theorem lemma7:
  fixes m :: nat
  assumes "card (UNIV :: 'a::{field,finite} set) = 3 ^ m" and "m \<ge> 4"
  shows "\<forall>i\<in>{0,1,2::nat}. \<exists>x\<in>(nonsquares :: 'a set). \<exists>b::'a.
           b \<noteq> 0 \<and> x ^ 3 - x = b ^ 2 \<and> abs_trace3 m b = of_nat i"
proof
  fix i :: nat
  assume "i \<in> {0, 1, 2}"
  have field: "char3_field TYPE('a) m"
    using assms(1) by unfold_locales
  then have "(of_nat i :: 'a) \<in> {0, 1, -1}"
    using \<open>i \<in> {0, 1, 2}\<close> char3_field.two_eq_minus_one by fastforce
  then show "\<exists>x\<in>(nonsquares :: 'a set). \<exists>b. b \<noteq> 0 \<and> x ^ 3 - x = b ^ 2 \<and> abs_trace3 m b = of_nat i"
    by (rule char3_field.exists_nonsquare_solution[OF field assms(2)])
qed

end
lemma braid_entry_Cl_V [simp]:
  "braid_entry q wt_mon (actE q cc) wt_gen (FV q) ((False,False,False),Vp)
   = mk_VCl (mk_cl 1 0 0 0 0 0 0 0) (mk_cl 0 0 0 0 0 0 0 0) (mk_cl 0 0 0 0 0 0 0 0)"
  "braid_entry q wt_mon (actE q cc) wt_gen (FV q) ((False,False,True),Vp)
   = mk_VCl (mk_cl 0 (1 / q^2) 0 0 0 0 0 0) (mk_cl 0 0 ((- (q^2) + 1) / q) 0 0 0 0 0)
       (mk_cl 0 0 0 0 ((q^6 - q^4 - q^2 + 1) / q^4) 0 0 0)"
  "braid_entry q wt_mon (actE q cc) wt_gen (FV q) ((False,True,False),Vp)
   = mk_VCl (mk_cl 0 0 1 0 0 0 0 0) (mk_cl 0 0 0 0 ((q^4 - 1) / q^2) 0 0 0) (mk_cl 0 0 0 0 0 0 0 0)"
  "braid_entry q wt_mon (actE q cc) wt_gen (FV q) ((False,True,True),Vp)
   = mk_VCl (mk_cl 0 0 0 (1 / q^2) 0 0 0 0)
       (mk_cl ((- (q^4) + 1) * cc / q^2) 0 0 0 0 ((q^4 - 1) / q^2) 0 0)
       (mk_cl 0 0 0 0 0 0 ((q^6 - q^4 - q^2 + 1) / q^4) 0)"
  "braid_entry q wt_mon (actE q cc) wt_gen (FV q) ((True,False,False),Vp)
   = mk_VCl (mk_cl 0 0 0 0 (q^2) 0 0 0) (mk_cl 0 0 0 0 0 0 0 0) (mk_cl 0 0 0 0 0 0 0 0)"
  "braid_entry q wt_mon (actE q cc) wt_gen (FV q) ((True,False,True),Vp)
   = mk_VCl (mk_cl 0 0 0 0 0 1 0 0) (mk_cl 0 0 0 0 0 0 ((- (q^2) + 1) / q) 0)
       (mk_cl 0 0 0 0 0 0 0 0)"
  "braid_entry q wt_mon (actE q cc) wt_gen (FV q) ((True,True,False),Vp)
   = mk_VCl (mk_cl 0 0 0 0 0 0 (q^2) 0) (mk_cl 0 0 0 0 0 0 0 0) (mk_cl 0 0 0 0 0 0 0 0)"
  "braid_entry q wt_mon (actE q cc) wt_gen (FV q) ((True,True,True),Vp)
   = mk_VCl (mk_cl 0 0 0 0 0 0 0 1) (mk_cl 0 0 0 0 ((- (q^4) + 1) * cc / q^2) 0 0 0)
       (mk_cl 0 0 0 0 0 0 0 0)"
  "braid_entry q wt_mon (actE q cc) wt_gen (FV q) ((False,False,False),Vz)
   = mk_VCl (mk_cl 0 0 0 0 0 0 0 0) (mk_cl 1 0 0 0 0 0 0 0) (mk_cl 0 0 0 0 0 0 0 0)"
  "braid_entry q wt_mon (actE q cc) wt_gen (FV q) ((False,False,True),Vz)
   = mk_VCl (mk_cl 0 0 0 0 0 0 0 0) (mk_cl 0 1 0 0 0 0 0 0) (mk_cl 0 0 ((q^4 - 1) / q^2) 0 0 0 0 0)"
  "braid_entry q wt_mon (actE q cc) wt_gen (FV q) ((False,True,False),Vz)
   = mk_VCl (mk_cl 0 0 0 0 0 0 0 0) (mk_cl 0 0 1 0 0 0 0 0)
       (mk_cl 0 0 0 0 ((- (q^6) - q^4 + q^2 + 1) / q^5) 0 0 0)"
  "braid_entry q wt_mon (actE q cc) wt_gen (FV q) ((False,True,True),Vz)
   = mk_VCl (mk_cl 0 0 0 0 0 0 0 0) (mk_cl 0 0 0 1 0 0 0 0)
       (mk_cl ((q^6 + q^4 - q^2 - 1) * cc / q^3) 0 0 0 0 ((- (q^6) - q^4 + q^2 + 1) / q^3) 0 0)"
  "braid_entry q wt_mon (actE q cc) wt_gen (FV q) ((True,False,False),Vz)
   = mk_VCl (mk_cl 0 0 0 0 0 0 0 0) (mk_cl 0 0 0 0 1 0 0 0) (mk_cl 0 0 0 0 0 0 0 0)"
  "braid_entry q wt_mon (actE q cc) wt_gen (FV q) ((True,False,True),Vz)
   = mk_VCl (mk_cl 0 0 0 0 0 0 0 0) (mk_cl 0 0 0 0 0 1 0 0) (mk_cl 0 0 0 0 0 0 ((q^4 - 1) / q^4) 0)"
  "braid_entry q wt_mon (actE q cc) wt_gen (FV q) ((True,True,False),Vz)
   = mk_VCl (mk_cl 0 0 0 0 0 0 0 0) (mk_cl 0 0 0 0 0 0 1 0) (mk_cl 0 0 0 0 0 0 0 0)"
  "braid_entry q wt_mon (actE q cc) wt_gen (FV q) ((True,True,True),Vz)
   = mk_VCl (mk_cl 0 0 0 0 0 0 0 0) (mk_cl 0 0 0 0 0 0 0 1)
       (mk_cl 0 0 0 0 ((q^6 + q^4 - q^2 - 1) * cc / q^5) 0 0 0)"
  "braid_entry q wt_mon (actE q cc) wt_gen (FV q) ((False,False,False),Vm)
   = mk_VCl (mk_cl 0 0 0 0 0 0 0 0) (mk_cl 0 0 0 0 0 0 0 0) (mk_cl 1 0 0 0 0 0 0 0)"
  "braid_entry q wt_mon (actE q cc) wt_gen (FV q) ((False,False,True),Vm)
   = mk_VCl (mk_cl 0 0 0 0 0 0 0 0) (mk_cl 0 0 0 0 0 0 0 0) (mk_cl 0 (q^2) 0 0 0 0 0 0)"
  "braid_entry q wt_mon (actE q cc) wt_gen (FV q) ((False,True,False),Vm)
   = mk_VCl (mk_cl 0 0 0 0 0 0 0 0) (mk_cl 0 0 0 0 0 0 0 0) (mk_cl 0 0 1 0 0 0 0 0)"
  "braid_entry q wt_mon (actE q cc) wt_gen (FV q) ((False,True,True),Vm)
   = mk_VCl (mk_cl 0 0 0 0 0 0 0 0) (mk_cl 0 0 0 0 0 0 0 0) (mk_cl 0 0 0 (q^2) 0 0 0 0)"
  "braid_entry q wt_mon (actE q cc) wt_gen (FV q) ((True,False,False),Vm)
   = mk_VCl (mk_cl 0 0 0 0 0 0 0 0) (mk_cl 0 0 0 0 0 0 0 0) (mk_cl 0 0 0 0 (1 / q^2) 0 0 0)"
  "braid_entry q wt_mon (actE q cc) wt_gen (FV q) ((True,False,True),Vm)
   = mk_VCl (mk_cl 0 0 0 0 0 0 0 0) (mk_cl 0 0 0 0 0 0 0 0) (mk_cl 0 0 0 0 0 1 0 0)"
  "braid_entry q wt_mon (actE q cc) wt_gen (FV q) ((True,True,False),Vm)
   = mk_VCl (mk_cl 0 0 0 0 0 0 0 0) (mk_cl 0 0 0 0 0 0 0 0) (mk_cl 0 0 0 0 0 0 (1 / q^2) 0)"
  "braid_entry q wt_mon (actE q cc) wt_gen (FV q) ((True,True,True),Vm)
   = mk_VCl (mk_cl 0 0 0 0 0 0 0 0) (mk_cl 0 0 0 0 0 0 0 0) (mk_cl 0 0 0 0 0 0 0 1)"
  by (rule trans[OF VCl_eta],
      (simp add: braid_entry_truncate[OF FV_cube_zero] card_UNIV_mon sum_lessThan_3 funpow_0_1_2
        coords_simps wt_mon_def mk_VCl_eq_iff mk_cl_eq_iff;
        ((simp add: field_simps)?; ((simp only: s_def)?; (algebra)?))))+

lemma sigma_VCl_coords [simp]:
  "sigma_VCl q cc
     (mk_VCl (mk_cl a0 a1 a2 a3 a4 a5 a6 a7) (mk_cl b0 b1 b2 b3 b4 b5 b6 b7)
        (mk_cl c0 c1 c2 c3 c4 c5 c6 c7))
   = mk_ClV
       (mk_cl (a0 + b6 * ((q^6 + q^4 - q^2 - 1) * cc / q^3))
          (a1 / q^2
           + b2 * ((- (q^6) - q^4 + q^2 + 1) / q^5)
           + b7 * ((q^6 + q^4 - q^2 - 1) * cc / q^5)
           + c4 * ((q^6 - q^4 - q^2 + 1) / q^4))
          (a2 + b4 * ((q^4 - 1) / q^2))
          (a3 / q^2 + b5 * ((q^4 - 1) / q^4) + c6 * ((q^6 - q^4 - q^2 + 1) / q^4)) (a4 * q^2)
          (a5 + b6 * ((- (q^6) - q^4 + q^2 + 1) / q^3)) (a6 * q^2) a7)
       (mk_cl (b0 + c6 * ((- (q^4) + 1) * cc / q^2))
          (b1 + c2 * ((q^4 - 1) / q^2) + c7 * ((- (q^4) + 1) * cc / q^2))
          (b2 + c4 * ((- (q^2) + 1) / q)) (b3 + c5 * ((- (q^2) + 1) / q)) b4
          (b5 + c6 * ((q^4 - 1) / q^2)) b6 b7)
       (mk_cl c0 (c1 * q^2) c2 (c3 * q^2) (c4 / q^2) c5 (c6 / q^2) c7)"
  unfolding sigma_VCl_def braid_eq_linext_entry linext_mk_VCl linext_mk_cl
  by (simp add: mk_ClV_eq_iff mk_cl_eq_iff;
      (simp add: field_simps)?; (simp only: s_def)?; (algebra)?)

lemma sigma_ClV_coords [simp]:
  "sigma_ClV q cc
     (mk_ClV (mk_cl a0 a1 a2 a3 a4 a5 a6 a7) (mk_cl b0 b1 b2 b3 b4 b5 b6 b7)
        (mk_cl c0 c1 c2 c3 c4 c5 c6 c7))
   = mk_VCl (mk_cl a0 (a1 / q^2) a2 (a3 / q^2) (a4 * q^2) a5 (a6 * q^2) a7)
       (mk_cl (a3 * ((- (q^4) + 1) * cc / q^2) + b0) b1
          (a1 * ((- (q^2) + 1) / q) + b2) b3
          (a2 * ((q^4 - 1) / q^2) + a7 * ((- (q^4) + 1) * cc / q^2) + b4)
          (a3 * ((q^4 - 1) / q^2) + b5) (a5 * ((- (q^2) + 1) / q) + b6) b7)
       (mk_cl (b3 * ((q^6 + q^4 - q^2 - 1) * cc / q^3) + c0) (c1 * q^2)
          (b1 * ((q^4 - 1) / q^2) + c2) (c3 * q^2)
          (a1 * ((q^6 - q^4 - q^2 + 1) / q^4)
           + b2 * ((- (q^6) - q^4 + q^2 + 1) / q^5)
           + b7 * ((q^6 + q^4 - q^2 - 1) * cc / q^5)
           + c4 / q^2)
          (b3 * ((- (q^6) - q^4 + q^2 + 1) / q^3) + c5)
          (a3 * ((q^6 - q^4 - q^2 + 1) / q^4) + b5 * ((q^4 - 1) / q^4) + c6 / q^2) c7)"
  unfolding sigma_ClV_def braid_eq_linext_entry linext_mk_ClV linext_mk_cl
  by (simp add: mk_VCl_eq_iff mk_cl_eq_iff;
      (simp add: field_simps)?; (simp only: s_def)?; (algebra)?)

end

lemma pairing_mk_VCl:
  "pairing
     (mk_VCl (mk_cl a0 a1 a2 a3 a4 a5 a6 a7) (mk_cl b0 b1 b2 b3 b4 b5 b6 b7)
        (mk_cl c0 c1 c2 c3 c4 c5 c6 c7))
     (mk_VCl (mk_cl x0 x1 x2 x3 x4 x5 x6 x7) (mk_cl y0 y1 y2 y3 y4 y5 y6 y7)
        (mk_cl z0 z1 z2 z3 z4 z5 z6 z7)) =
   a0*x0 + a1*x1 + a2*x2 + a3*x3 + a4*x4 + a5*x5 + a6*x6 + a7*x7
   + (b0*y0 + b1*y1 + b2*y2 + b3*y3 + b4*y4 + b5*y5 + b6*y6 + b7*y7)
   + (c0*z0 + c1*z1 + c2*z2 + c3*z3 + c4*z4 + c5*z5 + c6*z6 + c7*z7)"
  by (simp add: pairing_def sum_UNIV_gen_mon sum_UNIV_mon add.assoc)
lemma intertwiner_of_unitriangular_eq_mat_diag:
  fixes X u :: "'a::comm_ring_1 mat"
  assumes u: "u \<in> carrier_mat r r" "\<forall>i<r. u $$ (i, i) = 1" "\<forall>i<r. \<forall>j<r. i < j \<longrightarrow> u $$ (i, j) = 0"
    and X: "X \<in> carrier_mat r r" and intertwines: "X * u = u * mat_diag r d"
    and vanishes: "\<forall>i<r. \<forall>j<r. j < i \<and> u $$ (i, j) \<noteq> 0 \<longrightarrow> X $$ (i, j) = 0"
  shows "X = mat_diag r d"
proof -
  have column: "\<forall>i<r. X $$ (i, j) = mat_diag r d $$ (i, j)" if "j < r" for j
    using that
  proof (induction "r - j" arbitrary: j rule: less_induct)
    case less
    have IH: "X $$ (i, k) = mat_diag r d $$ (i, k)" if "i < r" "j < k" "k < r" for i k
      using less.hyps[of k] that by auto
    show ?case
    proof (intro allI impI)
      fix i assume i: "i < r"
      have "u $$ (i, j) * d j = (X * u) $$ (i, j)"
        using intertwines u(1) i less.prems by (simp add: mat_diag_mult_right)
      also have "\<dots> = (\<Sum>k\<in>{0..<r}. X $$ (i, k) * u $$ (k, j))"
        using X u(1) i less.prems by (simp add: scalar_prod_def)
      also have "\<dots> = (\<Sum>k\<in>{0..<r}. (if k = j then X $$ (i, j) else 0)
                        + (if k = i \<and> j < i then d i * u $$ (i, j) else 0))"
      proof (rule sum.cong[OF refl])
        fix k assume k: "k \<in> {0..<r}"
        show "X $$ (i, k) * u $$ (k, j) = (if k = j then X $$ (i, j) else 0)
                + (if k = i \<and> j < i then d i * u $$ (i, j) else 0)"
        proof (cases k j rule: linorder_cases)
          case less
          then show ?thesis using u(3) k less.prems by auto
        next
          case equal
          then show ?thesis using u(2) less.prems by auto
        next
          case greater
          then show ?thesis using IH[OF i greater] i k by (auto simp: mat_diag_def)
        qed
      qed
      also have "\<dots> = X $$ (i, j) + (if j < i then d i * u $$ (i, j) else 0)"
        using i less.prems by (simp add: sum.distrib)
      finally have column_eq: "X $$ (i, j) + (if j < i then d i * u $$ (i, j) else 0) = u $$ (i, j) * d j" ..
      show "X $$ (i, j) = mat_diag r d $$ (i, j)"
      proof (cases "i = j")
        case True
        then show ?thesis using column_eq u(2) i by (simp add: mat_diag_def)
      next
        case False
        then have "X $$ (i, j) = 0"
          using column_eq vanishes u(3) i less.prems by (cases "j < i"; cases "u $$ (i, j) = 0") auto
        then show ?thesis using False i less.prems by (simp add: mat_diag_def)
      qed
    qed
  qed
  show ?thesis
    using X column by (intro eq_matI) (auto simp: mat_diag_def)
qed
(* Let $X$, $d$, $(e_n,e_n^* )$, $\mathbb{P}$, $V$, $F$, $(g_k)$, $(m_k)$, $(\lambda_k)$, $S$ and $T$ be as in the context. Then the $d$-fold direct sum $T_d=T\oplus\cdots\oplus T$ on $X^d$ is not recurrent.
   Context: Let $X$ be a separable infinite-dimensional complex Banach space and $d\in\mathbb{N}$. Let $(e_n,e_n^* )_{n\in\mathbb{N}}\subset X\times X^*$ satisfy: $\mathrm{span}\{e_n\}$ is dense in $X$, $e_n^*(e_m)=\delta_{n,m}$, $\|e_n\|=1$ and $\sup_n\|e_n^*\|<\infty$. Let $V=\mathrm{span}(e_1,\dots,e_d)$ and $\mathbb{P}x=\sum_{i=1}^d e_i^*(x)e_i$. Let $F\subset V$ be asymptotically separated (i.e. there are $g_n\in X^*$ with $\liminf_n|g_n(x)|=0$ for $x\in F$ and $\lim_n|g_n(x)|=\infty$ for $x\in V\setminus F$), with both $F$ and $V\setminus F$ dense in $V$. Let $(m_k)$ be an increasing sequence of positive integers with $m_k\mid m_{k+1}$ for all $k$ and $\sum_{k\ge d+1}\frac{m_{k-2}}{m_{k-1}}\|g_k\|<\infty$. Let $\lambda_k=1$ for $1\le k\le d$ and $\lambda_k=\exp(i\pi/m_k)$ for $k>d$, and let $S$ be the bounded operator on $X$ extending $\sum_{k=1}^\ell x_ke_k\mapsto\sum_{k=1}^\ell\lambda_kx_ke_k$. Define $Tx=Sx+\sum_{k=d+1}^\infty\frac{1}{m_{k-1}}g_k(\mathbb{P}x)e_k$. It is known (Augé) that $T$ is a bounded operator with $\{x:\|T^nx\|\to\infty\}=\mathbb{P}^{-1}(V\setminus F)$ and $\mathrm{Rec}(T)=\mathbb{P}^{-1}(F)$, where $\mathrm{Rec}(T)$ is the set of $x$ with $T^{\omega_n}x\to x$ for some strictly increasing sequence $(\omega_n)$ of positive integers. An operator is recurrent if its set of recurrent vectors is dense. *)

theory Defs
  imports "HOL-Analysis.Analysis"
begin

class complex_vector = real_vector +
  fixes scaleC :: "complex \<Rightarrow> 'a \<Rightarrow> 'a" (infixr "*\<^sub>C" 75)
  assumes scaleC_add_right: "a *\<^sub>C (x + y) = a *\<^sub>C x + a *\<^sub>C y"
    and scaleC_add_left: "(a + b) *\<^sub>C x = a *\<^sub>C x + b *\<^sub>C x"
    and scaleC_scaleC: "a *\<^sub>C (b *\<^sub>C x) = (a * b) *\<^sub>C x"
    and scaleC_one: "1 *\<^sub>C x = x"
    and scaleR_scaleC: "scaleR r x = of_real r *\<^sub>C x"

class complex_normed_vector = complex_vector + real_normed_vector +
  assumes norm_scaleC: "norm (a *\<^sub>C x) = cmod a * norm x"

instantiation complex :: complex_normed_vector
begin
definition scaleC_complex_def: "scaleC (a::complex) (x::complex) = a * x"
instance
  by standard (auto simp: scaleC_complex_def algebra_simps norm_mult scaleR_conv_of_real)
end

text \<open>Bounded complex-linear maps (elements of X* when the codomain is complex,
  bounded operators when the codomain is X).\<close>
definition bounded_clinear :: "('a::complex_normed_vector \<Rightarrow> 'b::complex_normed_vector) \<Rightarrow> bool" where
  "bounded_clinear f \<longleftrightarrow> bounded_linear f \<and> (\<forall>c x. f (c *\<^sub>C x) = c *\<^sub>C f x)"

definition cspan :: "'a::complex_vector set \<Rightarrow> 'a set" where
  "cspan B = {x. \<exists>I c. finite I \<and> I \<subseteq> B \<and> x = (\<Sum>v\<in>I. c v *\<^sub>C v)}"

text \<open>A vector x of X^d (represented by its components x 0, ..., x (d-1)) is recurrent
  for the d-fold direct sum of T if T_d^(omega n) x tends to x along some strictly
  increasing sequence of positive integers.\<close>
definition dsum_recurrent_vector :: "('a::metric_space \<Rightarrow> 'a) \<Rightarrow> nat \<Rightarrow> (nat \<Rightarrow> 'a) \<Rightarrow> bool" where
  "dsum_recurrent_vector T d x \<longleftrightarrow>
     (\<exists>\<omega>::nat \<Rightarrow> nat. strict_mono \<omega> \<and> (\<forall>n. 0 < \<omega> n) \<and>
        (\<forall>i<d. (\<lambda>n. (T ^^ \<omega> n) (x i)) \<longlonglongrightarrow> x i))"

text \<open>The d-fold direct sum of T is recurrent: its recurrent vectors are dense in X^d
  (product topology).\<close>
definition dsum_recurrent :: "('a::metric_space \<Rightarrow> 'a) \<Rightarrow> nat \<Rightarrow> bool" where
  "dsum_recurrent T d \<longleftrightarrow>
     (\<forall>y::nat \<Rightarrow> 'a. \<forall>\<epsilon>>0. \<exists>x. dsum_recurrent_vector T d x \<and> (\<forall>i<d. dist (x i) (y i) < \<epsilon>))"

end

theory Submission
  imports Defs
begin

text \<open>
  If Px lies outside F, the orbit of x escapes: for m_{k-1} \<le> N \<le> m_k the k-th coordinate
  of T^N x - x equals (\<lambda>_k^N - 1)(e*_k(x) + c_k / (\<lambda>_k - 1)) with c_k = g_k(Px) / m_{k-1}, and
  since |\<lambda>_k^N - 1| is of order N / m_k while |\<lambda>_k - 1| is of order 1 / m_k, this coordinate
  is of order |g_k(Px)| \<rightarrow> \<infinity>. So every recurrent vector of T lies in P^{-1}(F).
  If the direct sum were recurrent, there would be a recurrent tuple (x_1, ..., x_d) close to
  (e_1, ..., e_d). Every linear combination of the x_i is recurrent for T, and P maps their
  span onto V, being close to the identity there; a combination mapped to a point of V - F
  is a recurrent vector outside P^{-1}(F).
\<close>

subsection \<open>Complex-linear maps\<close>

lemma scaleC_zero_left [simp]: "0 *\<^sub>C x = (0::'a::complex_vector)"
  by (metis scaleR_scaleC scaleR_zero_left of_real_0)

lemma scaleC_zero_right [simp]: "a *\<^sub>C (0::'a::complex_vector) = 0"
  by (metis add_cancel_right_right scaleC_add_right add_0)

lemma scaleC_diff_right: "a *\<^sub>C (x - y::'a::complex_vector) = a *\<^sub>C x - a *\<^sub>C y"
  by (metis add_diff_cancel diff_add_cancel scaleC_add_right)

lemma scaleC_sum_right: "a *\<^sub>C (\<Sum>i\<in>I. f i::'a::complex_vector) = (\<Sum>i\<in>I. a *\<^sub>C f i)"
  by (induction I rule: infinite_finite_induct) (simp_all add: scaleC_add_right)

lemma scaleC_complex [simp]: "a *\<^sub>C (x::complex) = a * x"
  by (simp add: scaleC_complex_def)

definition clinear :: "('a::complex_vector \<Rightarrow> 'b::complex_vector) \<Rightarrow> bool" where
  "clinear f \<longleftrightarrow> (\<forall>x y. f (x + y) = f x + f y) \<and> (\<forall>c x. f (c *\<^sub>C x) = c *\<^sub>C f x)"

lemma clinear_add: "clinear f \<Longrightarrow> f (x + y) = f x + f y"
  unfolding clinear_def by blast

lemma clinear_scaleC: "clinear f \<Longrightarrow> f (c *\<^sub>C x) = c *\<^sub>C f x"
  unfolding clinear_def by blast

lemma clinear_zero: "clinear f \<Longrightarrow> f 0 = 0"
  by (metis clinear_scaleC scaleC_zero_left)

lemma clinear_diff: "clinear f \<Longrightarrow> f (x - y) = f x - f y"
  by (metis clinear_add eq_diff_eq)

Activity
Here the job is to transcribe the lines from the first line of the data through the line containing "(mk_cl ((- (q^4)", inclusive, exactly and with nothing else.

Written reply
theorem lemma7:
  fixes m :: nat
  assumes "card (UNIV :: 'a::{field,finite} set) = 3 ^ m" and "m \<ge> 4"
  shows "\<forall>i\<in>{0,1,2::nat}. \<exists>x\<in>(nonsquares :: 'a set). \<exists>b::'a.
           b \<noteq> 0 \<and> x ^ 3 - x = b ^ 2 \<and> abs_trace3 m b = of_nat i"
proof
  fix i :: nat
  assume "i \<in> {0, 1, 2}"
  have field: "char3_field TYPE('a) m"
    using assms(1) by unfold_locales
  then have "(of_nat i :: 'a) \<in> {0, 1, -1}"
    using \<open>i \<in> {0, 1, 2}\<close> char3_field.two_eq_minus_one by fastforce
  then show "\<exists>x\<in>(nonsquares :: 'a set). \<exists>b. b \<noteq> 0 \<and> x ^ 3 - x = b ^ 2 \<and> abs_trace3 m b = of_nat i"
    by (rule char3_field.exists_nonsquare_solution[OF field assms(2)])
qed

end
lemma braid_entry_Cl_V [simp]:
  "braid_entry q wt_mon (actE q cc) wt_gen (FV q) ((False,False,False),Vp)
   = mk_VCl (mk_cl 1 0 0 0 0 0 0 0) (mk_cl 0 0 0 0 0 0 0 0) (mk_cl 0 0 0 0 0 0 0 0)"
  "braid_entry q wt_mon (actE q cc) wt_gen (FV q) ((False,False,True),Vp)
   = mk_VCl (mk_cl 0 (1 / q^2) 0 0 0 0 0 0) (mk_cl 0 0 ((- (q^2) + 1) / q) 0 0 0 0 0)
       (mk_cl 0 0 0 0 ((q^6 - q^4 - q^2 + 1) / q^4) 0 0 0)"
  "braid_entry q wt_mon (actE q cc) wt_gen (FV q) ((False,True,False),Vp)
   = mk_VCl (mk_cl 0 0 1 0 0 0 0 0) (mk_cl 0 0 0 0 ((q^4 - 1) / q^2) 0 0 0) (mk_cl 0 0 0 0 0 0 0 0)"
  "braid_entry q wt_mon (actE q cc) wt_gen (FV q) ((False,True,True),Vp)
   = mk_VCl (mk_cl 0 0 0 (1 / q^2) 0 0 0 0)
       (mk_cl ((- (q^4) + 1) * cc / q^2) 0 0 0 0 ((q^4 - 1) / q^2) 0 0)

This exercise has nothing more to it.